Given data ->
=== Begin Enclosure ===

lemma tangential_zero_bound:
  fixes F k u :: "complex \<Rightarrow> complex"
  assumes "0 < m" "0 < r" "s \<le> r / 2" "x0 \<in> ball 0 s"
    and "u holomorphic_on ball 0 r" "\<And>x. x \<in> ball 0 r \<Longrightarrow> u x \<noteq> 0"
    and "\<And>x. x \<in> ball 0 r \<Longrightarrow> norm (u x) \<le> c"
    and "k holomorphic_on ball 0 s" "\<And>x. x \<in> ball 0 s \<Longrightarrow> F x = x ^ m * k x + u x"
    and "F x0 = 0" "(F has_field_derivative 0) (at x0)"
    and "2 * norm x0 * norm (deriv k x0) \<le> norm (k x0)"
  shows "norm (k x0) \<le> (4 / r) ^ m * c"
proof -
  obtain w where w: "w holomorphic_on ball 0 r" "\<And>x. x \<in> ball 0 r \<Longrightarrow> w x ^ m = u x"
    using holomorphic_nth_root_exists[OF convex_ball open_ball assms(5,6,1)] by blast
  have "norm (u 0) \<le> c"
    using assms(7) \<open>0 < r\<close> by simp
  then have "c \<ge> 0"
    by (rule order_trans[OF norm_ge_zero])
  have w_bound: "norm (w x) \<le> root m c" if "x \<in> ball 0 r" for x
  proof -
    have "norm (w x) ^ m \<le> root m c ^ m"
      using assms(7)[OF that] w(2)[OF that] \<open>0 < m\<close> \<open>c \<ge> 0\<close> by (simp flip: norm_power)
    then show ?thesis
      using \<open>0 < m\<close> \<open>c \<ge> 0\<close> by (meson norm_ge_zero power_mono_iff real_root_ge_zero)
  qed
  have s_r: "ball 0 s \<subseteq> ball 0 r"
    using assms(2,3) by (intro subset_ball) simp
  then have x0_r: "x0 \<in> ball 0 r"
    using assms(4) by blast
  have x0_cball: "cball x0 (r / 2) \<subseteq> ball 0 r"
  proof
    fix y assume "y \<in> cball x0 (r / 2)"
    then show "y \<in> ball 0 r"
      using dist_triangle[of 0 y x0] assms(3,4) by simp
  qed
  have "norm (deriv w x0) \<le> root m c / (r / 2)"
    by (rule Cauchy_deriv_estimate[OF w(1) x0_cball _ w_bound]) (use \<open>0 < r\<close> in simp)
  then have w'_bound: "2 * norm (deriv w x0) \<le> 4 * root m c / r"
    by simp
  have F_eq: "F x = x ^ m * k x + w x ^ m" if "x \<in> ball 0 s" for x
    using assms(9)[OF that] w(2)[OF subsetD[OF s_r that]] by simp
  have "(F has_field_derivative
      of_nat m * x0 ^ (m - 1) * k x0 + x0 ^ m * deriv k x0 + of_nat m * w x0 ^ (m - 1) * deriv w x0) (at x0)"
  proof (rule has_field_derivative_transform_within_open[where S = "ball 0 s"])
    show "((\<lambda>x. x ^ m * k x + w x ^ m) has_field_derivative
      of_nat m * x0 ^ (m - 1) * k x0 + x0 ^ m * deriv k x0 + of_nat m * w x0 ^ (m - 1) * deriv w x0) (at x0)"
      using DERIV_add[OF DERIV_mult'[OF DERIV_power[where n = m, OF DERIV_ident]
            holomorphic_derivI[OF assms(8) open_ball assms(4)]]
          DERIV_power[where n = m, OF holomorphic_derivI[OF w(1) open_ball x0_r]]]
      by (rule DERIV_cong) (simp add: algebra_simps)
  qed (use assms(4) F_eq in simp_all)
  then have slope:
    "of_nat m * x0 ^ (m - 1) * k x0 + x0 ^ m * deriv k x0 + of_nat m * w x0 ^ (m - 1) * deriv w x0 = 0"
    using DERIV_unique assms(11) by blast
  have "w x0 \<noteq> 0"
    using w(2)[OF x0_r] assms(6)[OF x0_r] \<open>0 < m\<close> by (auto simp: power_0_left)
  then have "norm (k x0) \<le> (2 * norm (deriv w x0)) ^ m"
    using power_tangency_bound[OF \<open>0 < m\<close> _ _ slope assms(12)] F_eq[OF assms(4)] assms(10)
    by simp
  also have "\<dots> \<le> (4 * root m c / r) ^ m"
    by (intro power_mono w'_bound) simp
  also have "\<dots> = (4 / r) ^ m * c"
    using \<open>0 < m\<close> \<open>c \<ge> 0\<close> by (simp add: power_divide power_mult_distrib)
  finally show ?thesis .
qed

=== End Enclosure ===

About this task -> Throughout the material above, find lines holding the word "where", then copy them.

Response to this task ->
  obtain w where w: "w holomorphic_on ball 0 r" "\<And>x. x \<in> ball 0 r \<Longrightarrow> w x ^ m = u x"
  proof (rule has_field_derivative_transform_within_open[where S = "ball 0 s"])
      using DERIV_add[OF DERIV_mult'[OF DERIV_power[where n = m, OF DERIV_ident]
          DERIV_power[where n = m, OF holomorphic_derivI[OF w(1) open_ball x0_r]]]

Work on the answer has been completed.